AWS Site-to-Site VPN Connection As Backup - Overview.

Scope:

  • Architecture Overview (Baseline Pattern)
  • Deployment Models,
  • Routing & Failover Mechanics,
  • BGP Priority Hierarchy (AWS standard BGP path selection),
  • Recommended BGP Tuning,
  • Failover Behavior,
  • AWS Recommended Best Practices,
  • Transit Gateway Design Considerations,
  • End-to-End Testing & Validation,
  • Monitoring & Observability with CloudWatch,
  • Throughput Expectations,
  • Common Pitfalls,
  • Architecture.

Architecture Overview (Baseline Pattern)

    • VPN provides:
      • inexpensive, 
      • encrypted connectivity, 
    •  DX or the primary ISP provides:
      • high-bandwidth, 
      • low-latency transport.

twtech typically have:

    • Primary Path: AWS Direct Connect OR private MPLS/SD-WAN circuit
    • Backup Path: AWS Site-to-Site IPSec VPN
    • Routing Control: BGP-based failover (preferred) or static routing (less ideal)

AWS Components

    • Virtual Private Gateway (VGW) or Transit Gateway (TGW)
    • Direct Connect Gateway (DXGW) when mixing DX with multi-VPC
    • Customer Router (CSR/ASR/Firewalls/SD-WAN appliance)
    • AWS Managed VPN Endpoint (two tunnels per VPN connection)

Deployment Models

A. Direct Connect with VPN Backup (Classic Pattern)

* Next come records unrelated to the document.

text \<open>Within a round each player runs gradient descent on its own convex L_i-smooth function
  while the other blocks stay frozen, and for gamma L_i \<le> 1 such steps never increase the
  gradient norm. So after k local steps block i has moved by at most gamma k |grad_i(y)| and the
  local gradients differ from F(y) by at most L_max gamma k |F(y)| in norm: a round is the step
  y - gamma tau F(y) up to an error of norm at most L_max gamma^2 tau (tau - 1) / 2 |F(y)|.
  Quasi-strong monotonicity and star-cocoercivity make the unperturbed step a contraction, and
  together give |F(y)| |y - x*| \<le> sqrt kappa <F(y), y - x*>, which lets the contraction absorb
  the error.\<close>

section \<open>Convex functions with Lipschitz gradient\<close>

lemma has_real_derivative_along_line:
  fixes g :: "'a::real_inner \<Rightarrow> real"
  assumes "\<And>v. (g has_derivative (\<lambda>h. G v \<bullet> h)) (at v)"
  shows "((\<lambda>t. g (x + t *\<^sub>R d)) has_real_derivative G (x + t *\<^sub>R d) \<bullet> d) (at t within S)"
proof -
  have "((\<lambda>t. x + t *\<^sub>R d) has_derivative (\<lambda>s. s *\<^sub>R d)) (at t within S)"
    by (auto intro!: derivative_eq_intros)
  from has_derivative_compose[OF this assms]
  have "((\<lambda>t. g (x + t *\<^sub>R d)) has_derivative (\<lambda>s. G (x + t *\<^sub>R d) \<bullet> (s *\<^sub>R d))) (at t within S)" .
  moreover have "(\<lambda>s. G (x + t *\<^sub>R d) \<bullet> (s *\<^sub>R d)) = (*) (G (x + t *\<^sub>R d) \<bullet> d)"
    by (auto simp: mult.commute)
  ultimately show ?thesis
    unfolding has_field_derivative_def by simp
qed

    • DX private VIF is primary
    • S2S VPN via VGW is backup
    • BGP multipath disabled (default)
    • AS_PATH or BGP MED used to prioritize DX

B. SD-WAN/MPLS Primary (VPN Backup)

    • SD-WAN fabric decides primary path
    • S2S VPN advertises same prefixes with longer AS_PATH or higher BGP metric

C. Transit Gateway with DX + VPN Backup

    • DXGW <-> TGW for primary
    • TGW VPN attachment for backup
    • Controlled via BGP preference on TGW appliance or AWS VPN

D. Hub-and-Spoke Multi-VPC

    • VPCs connect via TGW
    • DX to TGW is primary
    • VPN to TGW is secondary
    • Route tables maintain path priority

Routing & Failover Mechanics

    • Failover design centers around BGP preference:

BGP Priority Hierarchy (AWS standard BGP path selection):

    1.      Longest Prefix Match
    2.      Highest Local Preference
    3.      Shortest AS_PATH (most commonly used for DX/VPN failover)
    4.      MED (Multi-Exit Discriminator)
    5.      eBGP over iBGP
    6.      Lowest IGP cost
    7.      Router ID

Recommended BGP Tuning

Primary Path (DX)

    • Advertise prefixes with shorter AS_PATH
    • Sample: ASN 65000

Backup Path (VPN)

    • Prepend to make path less preferred
    • Sample: ASN 65000 65000 65000

NB:

  • AWS does not prepend on the VPN side. 
  • twtech configures it on its customer router.

Failover Behavior

A. Direct Connect Failure

Failures that trigger VPN failover:

    • DX link down
    • BGP adjacency drop
    • Fiber cut / LAG failure beyond thresholds
    • DX router failure

B. How Fast Is Failover

        Typical BGP timers:

      •    Keepalive: 30s
      •    Hold timer: 90s

        Recommended enhanced timers:

      •    Keepalive: 10s
      •    Hold timer: 30s

Actual failover to VPN usually: 20–40 seconds.

C. Tunnel Redundancy

    •  Each AWS VPN connection includes two tunnels.
    •  If Tunnel A fails, Tunnel B is used automatically.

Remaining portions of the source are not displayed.